Whatever had changed in him, was instantly recognised, though. Soldiers followed Aenarion willingly, his charisma one that was matched by the Gods. While he had few victories, it ensured there was hope. There were many more defeats, but he saved many more Elves, and slew many more daemons than the Gods could replace, allowing the battered elves the time to regroup, and rest, before the inevitable next attacks could come.

But it was like throwing sand in front of the tide. No matter how much was put up, it would only be brought down by the next wave. And the more times the Elves mustered to face their foes, the longer it took to regain strength, and every dead elf was a defeat, for there was no way that the rates of attrition could replace the dead elves, and certainly not with the experience that they had.

But however it had happened, there had been a break in the deadlock. The stalemate that the fortress bound elves had resisted the greatest witchery of Chaos.

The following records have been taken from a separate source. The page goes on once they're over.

(* Under the standing assumptions below, for every $\alpha\in[\alpha_{\min},\alpha_{\max}]$, $$\dim_H\Big\{\mathbf i\in\Sigma:\liminf_{m\to\infty}\frac{\log\|A_{\mathbf i|_m}\|}{\log\lambda_{\mathbf i|_m}}\le\alpha\Big\}\le\inf_{t\ge0}\{t\alpha-P(t)\}$$ and $$\dim_H\Big\{\mathbf i\in\Sigma:\limsup_{m\to\infty}\frac{\log\|A_{\mathbf i|_m}\|}{\log\lambda_{\mathbf i|_m}}\ge\alpha\Big\}\le\inf_{t\le0}\{t\alpha-P(t)\}.$$
   Context: Standing assumptions: $A_0,\dots,A_{N-1}$ invertible real $d\times d$ matrices of norm $<1$ with dominated splitting of index-1 (there is a nonempty open $M\subset\mathbb{PR}^{d-1}$ with finitely many components with pairwise disjoint closures, $\bigcup_iA_i\overline M\subset M^o$ under the projective action, and some hyperplane transverse to all elements of $\overline M$); $\lambda$ a probability vector with positive entries. Norms are Euclidean operator norms. $\Sigma=\{0,\dots,N-1\}^{\mathbb N}$, $\mathbf i|_m=i_1\dots i_m$, $A_{\bar\imath}=A_{i_1}\cdots A_{i_k}$, $\lambda_{\bar\imath}=\lambda_{i_1}\cdots\lambda_{i_k}$. $\mathbf i\wedge\mathbf j$ is the length of the longest common prefix; $\Sigma$ carries the metric $d(\mathbf i,\mathbf j)=\lambda_{\mathbf i|_{\mathbf i\wedge\mathbf j}}$ and $\dim_H$ refers to it. Pressure: $P(t)$ is the unique real with $\lim_n\frac1n\log\sum_{|\bar\imath|=n}\|A_{\bar\imath}\|^t\lambda_{\bar\imath}^{-P(t)}=0$; $\alpha_{\min}=\lim_{t\to+\infty}P(t)/t$, $\alpha_{\max}=\lim_{t\to-\infty}P(t)/t$. *)

theory Defs
  imports "HOL-Analysis.Analysis"
begin

definition opnorm :: "real^'d^'d \<Rightarrow> real" where
  "opnorm M = onorm (\<lambda>x. M *v x)"

definition words :: "nat \<Rightarrow> nat \<Rightarrow> nat list set" where
  "words N n = {w. length w = n \<and> set w \<subseteq> {..<N}}"

definition Aw :: "(nat \<Rightarrow> real^'d^'d) \<Rightarrow> nat list \<Rightarrow> real^'d^'d" where
  "Aw A w = foldr (\<lambda>i M. A i ** M) w (mat 1)"

definition lamw :: "(nat \<Rightarrow> real) \<Rightarrow> nat list \<Rightarrow> real" where
  "lamw lam w = prod_list (map lam w)"

text \<open>Sigma = {0..N-1}^IN, sequences indexed from 0 (i 0 plays the role of i_1).\<close>
definition symspace :: "nat \<Rightarrow> (nat \<Rightarrow> nat) set" where
  "symspace N = {i. \<forall>n. i n < N}"

definition pref :: "(nat \<Rightarrow> nat) \<Rightarrow> nat \<Rightarrow> nat list" where
  "pref i m = map i [0..<m]"

text \<open>Length of the longest common prefix (for i different from j).\<close>
definition cpl :: "(nat \<Rightarrow> nat) \<Rightarrow> (nat \<Rightarrow> nat) \<Rightarrow> nat" where
  "cpl i j = (LEAST n. i n \<noteq> j n)"
(* Fix $\alpha\in(0,1]$, $\epsilon>0$, a function $A:(2\pi,\infty)\to[0,\infty)$ and a function $B:\{(\beta_L,\beta_R)\in(0,\infty)^2:\beta_L\beta_R>4\pi^2\}\to[0,\infty)$. Consider the class $\mathcal{C}$ of all unitary, modular invariant 2D CFT spectra (any central charge $c\geqslant0$) that have a normalizable vacuum ($n_{0,0}\geqslant1$) and satisfy $$\sum_{h+\bar h\leqslant\frac c{12}+\epsilon}n_{h,\bar h}e^{-(h+\bar h)\beta}\leqslant A(\beta)\ \ (\beta>2\pi),\qquad \sum_{\min(h,\bar h)\leqslant\frac{\alpha c}{24}}n_{h,\bar h}e^{-h\beta_L-\bar h\beta_R}\leqslant B(\beta_L,\beta_R)\ \ (\beta_L\beta_R>4\pi^2).$$ Then for each $(\beta_L,\beta_R)\in\mathcal{D}_\alpha$ there is a constant $K<\infty$ (depending on $\beta_L,\beta_R$ and the fixed data $\alpha,\epsilon,A,B$, but not on the theory or on $c$) such that every theory in $\mathcal{C}$ satisfies $\left|\log Z(\beta_L,\beta_R)-\frac c{24}(\beta_L+\beta_R)\right|\leqslant K$; and for each $(\beta_L,\beta_R)$ with $(4\pi^2/\beta_L,4\pi^2/\beta_R)\in\mathcal{D}_\alpha$ there is such a constant $K$ with $\left|\log Z(\beta_L,\beta_R)-\frac{\pi^2c}{6}\left(\frac1{\beta_L}+\frac1{\beta_R}\right)\right|\leqslant K$ for every theory in $\mathcal{C}$. In particular, as $c\to\infty$ with $\beta_L,\beta_R$ fixed, $\log Z=\frac c{24}(\beta_L+\beta_R)+O(1)$ on $\mathcal{D}_\alpha$ and $\log Z=\frac{\pi^2c}{6}(\frac1{\beta_L}+\frac1{\beta_R})+O(1)$ on its image under $(\beta_L,\beta_R)\mapsto(4\pi^2/\beta_L,4\pi^2/\beta_R)$.
   Context: A unitary, modular invariant 2D CFT spectrum consists of a real number $c\geqslant0$ (central charge) and a countable collection of pairs $(h,\bar h)$ with $h,\bar h\geqslant0$, each with multiplicity $n_{h,\bar h}\in\mathbb{N}$, such that $Z(\beta_L,\beta_R)=\sum_{h,\bar h}n_{h,\bar h}e^{-(h-\frac c{24})\beta_L-(\bar h-\frac c{24})\beta_R}$ is finite for all $\beta_L,\beta_R>0$ and $Z(\beta_L,\beta_R)=Z(4\pi^2/\beta_L,4\pi^2/\beta_R)$. Let $\phi_\alpha(\beta)=\max\left\{\frac{4\pi^2}{\beta},\ \frac12\left(\alpha(4\pi-\beta)+\sqrt{\alpha^2(4\pi-\beta)^2+16\pi^2(1-\alpha)}\right)\right\}$ and $\mathcal{D}_\alpha=\{\beta_R>2\pi,\ \beta_L>\phi_\alpha(\beta_R)\}\cup\{\beta_L>2\pi,\ \beta_R>\phi_\alpha(\beta_L)\}\subset(0,\infty)^2$. *)

theory Defs
  imports "HOL-Analysis.Analysis"
begin

text \<open>A spectrum is given by a central charge c and a multiplicity function
  n :: real \<times> real \<Rightarrow> nat, where n (h, hb) is the multiplicity of the pair (h, hb);
  pairs not in the spectrum have multiplicity 0.\<close>

definition partition_fn :: "real \<Rightarrow> (real \<times> real \<Rightarrow> nat) \<Rightarrow> real \<Rightarrow> real \<Rightarrow> real" where
  "partition_fn c n bL bR =
     (\<Sum>\<^sub>\<infinity>(h, hb)\<in>UNIV. real (n (h, hb)) * exp (- (h - c/24) * bL - (hb - c/24) * bR))"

In the brief respite, the elves rebuilt. 4 years had passed, and 4 years of solid work. It had not been long since Aenarion himself had been married. The Everqueen was pregnant - it was too much to hope that the queen may yet have a girl to carry on the line of the Everqueen. Astarielle had been the intention of Aenarion the Defenders foray into the Garden of the Everqueen, in Averlorn. She was tired, but holding up well - heavily pregnant, she still carried out her task as Isha's representative to heal the land, the horrors the Daemons carried out on the trees and mountains and rivers and wildlife almost too much to bear.

Drawn from his reverie by the jingle of harnesses, Aenarion became aware, once again of his surroundings. He had lost track of time - the fire was at its lowest ebb, embers just glowing fitfully against the chillwind that was now blowing.

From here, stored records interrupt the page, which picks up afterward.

lemma mf_gd_step_le:
  fixes M U0 V0 :: "real mat" and t :: nat
  assumes M: "M \<in> carrier_mat d1 d2" and U0: "U0 \<in> carrier_mat d1 r" and V0: "V0 \<in> carrier_mat d2 r"
    and \<epsilon>: "0 < \<epsilon>" "\<epsilon> \<le> fro_norm M"
  defines "U n \<equiv> fst (mf_gd M r \<epsilon> U0 V0 n)" and "V n \<equiv> snd (mf_gd M r \<epsilon> U0 V0 n)"
  assumes R: "fro_norm (residual M (U t) (V t)) \<le> 2 * fro_norm M"
    and D: "fro_norm (imbalance (U t) (V t)) \<le> fro_norm M"
  shows "fro_norm (residual M (U (Suc t)) (V (Suc t))) \<le> fro_norm (residual M (U t) (V t))"
    and "fro_norm (imbalance (U (Suc t)) (V (Suc t)))
      \<le> fro_norm (imbalance (U t) (V t)) + 32 * \<epsilon> / (10000 * (real t + 1)\<^sup>2)"
proof -
  have UV: "U t \<in> carrier_mat d1 r" "V t \<in> carrier_mat d2 r"
    using mf_gd_carrier[OF U0 V0 M] by (simp_all add: U_def V_def)
  have step: "U (Suc t) = fst (gd_update M (mf_step M r \<epsilon> t) (U t) (V t))"
    "V (Suc t) = snd (gd_update M (mf_step M r \<epsilon> t) (U t) (V t))"
    unfolding U_def V_def by (simp_all only: mf_gd_Suc_gd_update)
  have "(fro_norm (U t))\<^sup>2 + (fro_norm (V t))\<^sup>2 \<le> 8 * sqrt (real r) * fro_norm M"
    using factor_norms_le[OF UV M R D] by linarith
  note bounds = mf_step_bounds[OF \<epsilon> this fro_norm_nonneg R, of t]
  show "fro_norm (residual M (U (Suc t)) (V (Suc t))) \<le> fro_norm (residual M (U t) (V t))"
    unfolding step using \<epsilon> bounds by (intro gd_update_residual_le[OF UV M] mf_step_nonneg) auto
  show "fro_norm (imbalance (U (Suc t)) (V (Suc t)))
      \<le> fro_norm (imbalance (U t) (V t)) + 32 * \<epsilon> / (10000 * (real t + 1)\<^sup>2)"
    unfolding step using gd_update_imbalance_le[OF UV M, of "mf_step M r \<epsilon> t"] bounds(3) by linarith
qed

_Trace Chains? I told them to come on foot._ Aenarion picked up his sword, Ceyl, the Ithilmar etching glowing in Weyr-light as the moon played around on the scene...

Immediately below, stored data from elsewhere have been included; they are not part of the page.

section \<open>Principal minors of 4 \<times> 4 matrices\<close>

lemma det_dim1:
  fixes A :: "'a::comm_ring_1 mat"
  assumes "A \<in> carrier_mat 1 1"
  shows "det A = A $$ (0,0)"
proof -
  have "det A = (\<Sum>j<1. A $$ (0,j) * cofactor A 0 j)"
    by (rule laplace_expansion_row[OF assms]) auto
  also have "\<dots> = A $$ (0,0)"
    unfolding cofactor_def using mat_delete_carrier[OF assms, of 0 0] by simp
  finally show ?thesis .
qed

lemma det_dim2:
  fixes A :: "'a::comm_ring_1 mat"
  assumes "A \<in> carrier_mat 2 2"
  shows "det A = A $$ (0,0) * A $$ (1,1) - A $$ (0,1) * A $$ (1,0)"
proof -
  have "det A = (\<Sum>j<2. A $$ (0,j) * cofactor A 0 j)"
    by (rule laplace_expansion_row[OF assms]) auto
  also have "\<dots> = A $$ (0,0) * A $$ (1,1) - A $$ (0,1) * A $$ (1,0)"
    unfolding cofactor_def
    using mat_delete_carrier[OF assms, of 0 0] mat_delete_carrier[OF assms, of 0 1] assms
    by (simp add: numeral_2_eq_2 det_dim1 mat_delete_def)
  finally show ?thesis .
qed

lemma det_dim3:
  fixes A :: "'a::comm_ring_1 mat"
  assumes "A \<in> carrier_mat 3 3"
  shows "det A = A $$ (0,0) * (A $$ (1,1) * A $$ (2,2) - A $$ (1,2) * A $$ (2,1))
   - A $$ (0,1) * (A $$ (1,0) * A $$ (2,2) - A $$ (1,2) * A $$ (2,0))
   + A $$ (0,2) * (A $$ (1,0) * A $$ (2,1) - A $$ (1,1) * A $$ (2,0))"
proof -
  have "det A = (\<Sum>j<3. A $$ (0,j) * cofactor A 0 j)"
    by (rule laplace_expansion_row[OF assms]) auto
  also have "\<dots> = A $$ (0,0) * (A $$ (1,1) * A $$ (2,2) - A $$ (1,2) * A $$ (2,1))
   - A $$ (0,1) * (A $$ (1,0) * A $$ (2,2) - A $$ (1,2) * A $$ (2,0))
   + A $$ (0,2) * (A $$ (1,0) * A $$ (2,1) - A $$ (1,1) * A $$ (2,0))"
    unfolding cofactor_def
    using mat_delete_carrier[OF assms, of 0 0] mat_delete_carrier[OF assms, of 0 1]
      mat_delete_carrier[OF assms, of 0 2] assms
    by (simp add: eval_nat_numeral det_dim2 mat_delete_def) (simp add: algebra_simps)
  finally show ?thesis .
qed

lemma det_dim4:
  fixes A :: "'a::comm_ring_1 mat"
  assumes "A \<in> carrier_mat 4 4"
  shows "det A =
    A $$ (0,0) * (A $$ (1,1) * (A $$ (2,2) * A $$ (3,3) - A $$ (2,3) * A $$ (3,2))
   - A $$ (1,2) * (A $$ (2,1) * A $$ (3,3) - A $$ (2,3) * A $$ (3,1))
   + A $$ (1,3) * (A $$ (2,1) * A $$ (3,2) - A $$ (2,2) * A $$ (3,1)))
  - A $$ (0,1) * (A $$ (1,0) * (A $$ (2,2) * A $$ (3,3) - A $$ (2,3) * A $$ (3,2))
   - A $$ (1,2) * (A $$ (2,0) * A $$ (3,3) - A $$ (2,3) * A $$ (3,0))
   + A $$ (1,3) * (A $$ (2,0) * A $$ (3,2) - A $$ (2,2) * A $$ (3,0)))
  + A $$ (0,2) * (A $$ (1,0) * (A $$ (2,1) * A $$ (3,3) - A $$ (2,3) * A $$ (3,1))
   - A $$ (1,1) * (A $$ (2,0) * A $$ (3,3) - A $$ (2,3) * A $$ (3,0))
   + A $$ (1,3) * (A $$ (2,0) * A $$ (3,1) - A $$ (2,1) * A $$ (3,0)))
  - A $$ (0,3) * (A $$ (1,0) * (A $$ (2,1) * A $$ (3,2) - A $$ (2,2) * A $$ (3,1))
   - A $$ (1,1) * (A $$ (2,0) * A $$ (3,2) - A $$ (2,2) * A $$ (3,0))
   + A $$ (1,2) * (A $$ (2,0) * A $$ (3,1) - A $$ (2,1) * A $$ (3,0)))"
proof -
  have "det A = (\<Sum>j<4. A $$ (0,j) * cofactor A 0 j)"
    by (rule laplace_expansion_row[OF assms]) auto
  then show ?thesis
    unfolding cofactor_def
    using mat_delete_carrier[OF assms, of 0 0] mat_delete_carrier[OF assms, of 0 1]
      mat_delete_carrier[OF assms, of 0 2] mat_delete_carrier[OF assms, of 0 3] assms
    by (simp add: eval_nat_numeral det_dim3 mat_delete_def) (simp add: algebra_simps)
qed

lemma pick_eqI: "i \<in> I \<Longrightarrow> {a\<in>I. a < i} = S \<Longrightarrow> card S = k \<Longrightarrow> pick I k = i"
  using pick_card_in_set by blast

lemma submatrix_principal:
  assumes "M \<in> carrier_mat n n" "I \<subseteq> {0..<n}"
  shows "submatrix M I I = mat (card I) (card I) (\<lambda>(i, j). M $$ (pick I i, pick I j))"
proof -
  have "{i. i < n \<and> i \<in> I} = I"
    using assms(2) by auto
  then show ?thesis
    using assms(1) by (simp add: submatrix_def)
qed

lemma submatrix_full:
  assumes "M \<in> carrier_mat n n"
  shows "submatrix M {0..<n} {0..<n} = M"
proof -
  have "pick {0..<n} i = i" if "i < n" for i
    using that by (intro pick_eqI[where S = "{0..<i}"]) auto
  then show ?thesis
    using assms by (auto simp: submatrix_principal intro!: eq_matI)
qed

lemma principal_minors_dim4:
  fixes M :: "'a::comm_ring_1 mat"
  assumes M: "M \<in> carrier_mat 4 4"
  shows "det (submatrix M {0} {0}) = M $$ (0,0)"
    and "det (submatrix M {0,1} {0,1}) = M $$ (0,0) * M $$ (1,1) - M $$ (0,1) * M $$ (1,0)"
    and "det (submatrix M {0,2} {0,2}) = M $$ (0,0) * M $$ (2,2) - M $$ (0,2) * M $$ (2,0)"
    and "det (submatrix M {0,1,2} {0,1,2}) =
        M $$ (0,0) * (M $$ (1,1) * M $$ (2,2) - M $$ (1,2) * M $$ (2,1))
      - M $$ (0,1) * (M $$ (1,0) * M $$ (2,2) - M $$ (1,2) * M $$ (2,0))
      + M $$ (0,2) * (M $$ (1,0) * M $$ (2,1) - M $$ (1,1) * M $$ (2,0))"
proof -
  \<comment> \<open>The simplifier turns the index 1 into Suc 0, hence picks[unfolded One_nat_def] below.\<close>
  have picks: "pick {0} 0 = 0" "pick {0,1} 0 = 0" "pick {0,1} 1 = 1"
    "pick {0,2} 0 = 0" "pick {0,2} 1 = 2"
    "pick {0,1,2} 0 = 0" "pick {0,1,2} 1 = 1" "pick {0,1,2} 2 = 2"
    by (rule pick_eqI[where S = "{}"] pick_eqI[where S = "{0}"] pick_eqI[where S = "{0,1}"]; auto)+
  note sub = submatrix_principal[OF M]
  have minor: "det (submatrix M I I) = det (mat k k (\<lambda>(i, j). M $$ (pick I i, pick I j)))"
    if "I \<subseteq> {0..<4}" "card I = k" for I k
    using sub[OF that(1)] that(2) by simp
  show "det (submatrix M {0} {0}) = M $$ (0,0)"
    by (subst minor[where k = 1]) (simp_all add: det_dim1 picks[unfolded One_nat_def] del: pick.simps)
  show "det (submatrix M {0,1} {0,1}) = M $$ (0,0) * M $$ (1,1) - M $$ (0,1) * M $$ (1,0)"
    by (subst minor[where k = 2]) (simp_all add: det_dim2 picks[unfolded One_nat_def] del: pick.simps)
  show "det (submatrix M {0,2} {0,2}) = M $$ (0,0) * M $$ (2,2) - M $$ (0,2) * M $$ (2,0)"
    by (subst minor[where k = 2]) (simp_all add: det_dim2 picks[unfolded One_nat_def] del: pick.simps)
  show "det (submatrix M {0,1,2} {0,1,2}) =
        M $$ (0,0) * (M $$ (1,1) * M $$ (2,2) - M $$ (1,2) * M $$ (2,1))
      - M $$ (0,1) * (M $$ (1,0) * M $$ (2,2) - M $$ (1,2) * M $$ (2,0))
      + M $$ (0,2) * (M $$ (1,0) * M $$ (2,1) - M $$ (1,1) * M $$ (2,0))"
    by (subst minor[where k = 3]) (simp_all add: det_dim3 picks[unfolded One_nat_def] del: pick.simps)
qed

section \<open>Multiplicative maps of period four\<close>

lemma same_sum_prod_cases:
  fixes x y z w :: "'a::idom"
  assumes "x + y = z + w" "x * y = z * w"
  shows "z = x \<or> z = y"
proof -
  have "(z - x) * (z - y) = z * z - z * (x + y) + x * y"
    by (simp add: algebra_simps)
  also have "\<dots> = 0"
    using assms by (simp add: algebra_simps)
  finally show ?thesis
    by simp
qed

text \<open>\<sigma> abstracts the Frobenius map x \<mapsto> x ^ q of the field with q^4 elements; the algebra
  below only uses that it is multiplicative and that \<sigma>^4 is the identity.\<close>

locale period4_mult_hom =
  fixes \<sigma> :: "'a::field \<Rightarrow> 'a"
  assumes mult: "\<sigma> (x * y) = \<sigma> x * \<sigma> y"
    and period: "\<sigma> (\<sigma> (\<sigma> (\<sigma> x))) = x"
    and one: "\<sigma> 1 = 1"
    and zero: "\<sigma> 0 = 0"
begin

lemma eq_0_iff [simp]: "\<sigma> x = 0 \<longleftrightarrow> x = 0"
  by (metis period zero)

lemma inverse: "\<sigma> (inverse x) = inverse (\<sigma> x)"
proof (cases "x = 0")
  case False
  then have "\<sigma> x * \<sigma> (inverse x) = 1"
    by (metis mult one right_inverse)
  then show ?thesis
    by (metis inverse_unique)
qed (simp add: zero)

lemma divide: "\<sigma> (x / y) = \<sigma> x / \<sigma> y"
  by (simp add: divide_inverse mult inverse)

definition N :: "'a \<Rightarrow> 'a" where
  "N x = x * \<sigma> x * \<sigma> (\<sigma> x) * \<sigma> (\<sigma> (\<sigma> x))"

lemma N_mult: "N (x * y) = N x * N y"
  unfolding N_def mult by (simp add: ac_simps)

lemma N_divide: "N (x / y) = N x / N y"
  unfolding N_def divide by (simp add: field_simps)

lemma N_\<sigma>: "N (\<sigma> x) = N x"
  unfolding N_def period by (simp add: ac_simps)

lemma N_eq_0_iff [simp]: "N x = 0 \<longleftrightarrow> x = 0"
  unfolding N_def by simp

The World was still once again, when Aenarion realised the world was _too_ still. The jangle of curb chains came again. And not just a jangle, it was the deep routed sound of menace laden tread that he had not sensed since...

"Aenarion the weakling."

Spinning around, the elf recognised the voice. Vuldraech, Herald of the Blood God, the Chaos Gods representation of Kaela Mensha Khaine, the Bloody Handed God.

Vuldraech stood a twice the height of Aenarion, who himself was tall for an elf. Where the elf shone in the darkness, his purity evident, the gloom of evil seeped from the armour plates of the Daemon.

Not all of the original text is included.